#### What you will do
Please output the section of the listing below that opens with the line containing "a\<^sub>u(4) \<le> N\<close> and" and closes with the line containing "the energy is", exactly and with nothing else.
-- Opening Marker --
(* Let $n\ge 1$ be an integer and let $\mathbb{Z}_5^n$ denote the elementary abelian $5$-group of rank $n$. Suppose that $A\subseteq\mathbb{Z}_5^n$ is sum-free. If $|A|>\frac32\cdot5^{n-1}$, then there are a proper subgroup $H<\mathbb{Z}_5^n$ and an element $e\notin H$ such that $A\subseteq(e+H)\cup(-e+H)$.
   Context: A subset $S$ of an abelian group is sum-free if there are no $x,y,z\in S$ (not necessarily distinct) with $x+y=z$; equivalently $S\cap 2S=\emptyset$, where $2S=\{s_1+s_2: s_1,s_2\in S\}$. *)

theory Defs
  imports "HOL-Analysis.Finite_Cartesian_Product" "HOL-Library.Numeral_Type"
begin

(* Z_5^n is modelled as the type  5 ^ 'n  (vectors over Z/5Z indexed by a finite type 'n,
   with n = CARD('n) >= 1). *)

definition sum_free :: "'a::ab_group_add set \<Rightarrow> bool" where
  "sum_free S \<longleftrightarrow> (\<forall>x\<in>S. \<forall>y\<in>S. \<forall>z\<in>S. x + y \<noteq> z)"

definition add_subgroup :: "'a::ab_group_add set \<Rightarrow> bool" where
  "add_subgroup H \<longleftrightarrow> 0 \<in> H \<and> (\<forall>x\<in>H. \<forall>y\<in>H. x + y \<in> H) \<and> (\<forall>x\<in>H. - x \<in> H)"

end

theory Submission
  imports Defs
begin

text \<open>
  For a functional \<open>u\<close> on \<open>\<int>\<^sub>5\<^sup>n\<close> the profile \<open>a\<^sub>u(j)\<close> counts the \<open>x \<in> A\<close> with
  \<open>u \<cdot> x = j\<close>; let \<open>N = 5\<^sup>n\<^sup>-\<^sup>1\<close> and \<open>E = profile_energy N\<close>. Counting the pairs
  \<open>(u, (x, y, z))\<close> with \<open>u \<cdot> (x + y - z) = 0\<close> shows that for sum-free \<open>A\<close> the energies
  \<open>E(a\<^sub>u)\<close>, \<open>u \<noteq> 0\<close>, add up to \<open>-(12/175) |A| (2|A| - 3N) (7|A| + 15N)\<close>, which is negative
  when \<open>|A| > 3N/2\<close>; so \<open>E(a\<^sub>u) < 0\<close> for some \<open>u \<noteq> 0\<close>. Sum-freeness also gives
  \<open>a\<^sub>u(i) + a\<^sub>u(i + j) \<le> N\<close> whenever \<open>a\<^sub>u(j) > 0\<close>. Unless \<open>A\<close> lies in the two cosets
  \<open>u \<cdot> x = \<plusminus>c\<close> (\<open>c = 1\<close> or \<open>2\<close>), this yields \<open>a\<^sub>u(1) + a\<^sub>u(4) \<le> N\<close> and
  \<open>a\<^sub>u(2) + a\<^sub>u(3) \<le> N\<close>, and under these constraints and \<open>\<Sum>\<^sub>j a\<^sub>u(j) > 3N/2\<close> the energy is
  nonnegative: its Fourier expansion on \<open>\<int>\<^sub>5\<close> is a sum of nonnegative terms, the last one
  by an explicit polynomial certificate.
\<close>


section \<open>Arithmetic in \<open>\<int>\<^sub>5\<close> and the dot product\<close>

lemma UNIV_5: "(UNIV :: 5 set) = {0, 1, 2, 3, 4}"
proof -
  have "x \<in> {0, 1, 2, 3, 4}" for x :: 5
  proof (cases x)
    case (of_int z)
    then have "z \<in> {0, 1, 2, 3, 4}" by auto
    then show ?thesis using of_int by auto
  qed
  then show ?thesis by auto
qed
-- Closing Marker --
#### Result of the exercise
  \<open>u \<cdot> x = \<plusminus>c\<close> (\<open>c = 1\<close> or \<open>2\<close>), this yields \<open>a\<^sub>u(1) + a\<^sub>u(4) \<le> N\<close> and
  \<open>a\<^sub>u(2) + a\<^sub>u(3) \<le> N\<close>, and under these constraints and \<open>\<Sum>\<^sub>j a\<^sub>u(j) > 3N/2\<close> the energy is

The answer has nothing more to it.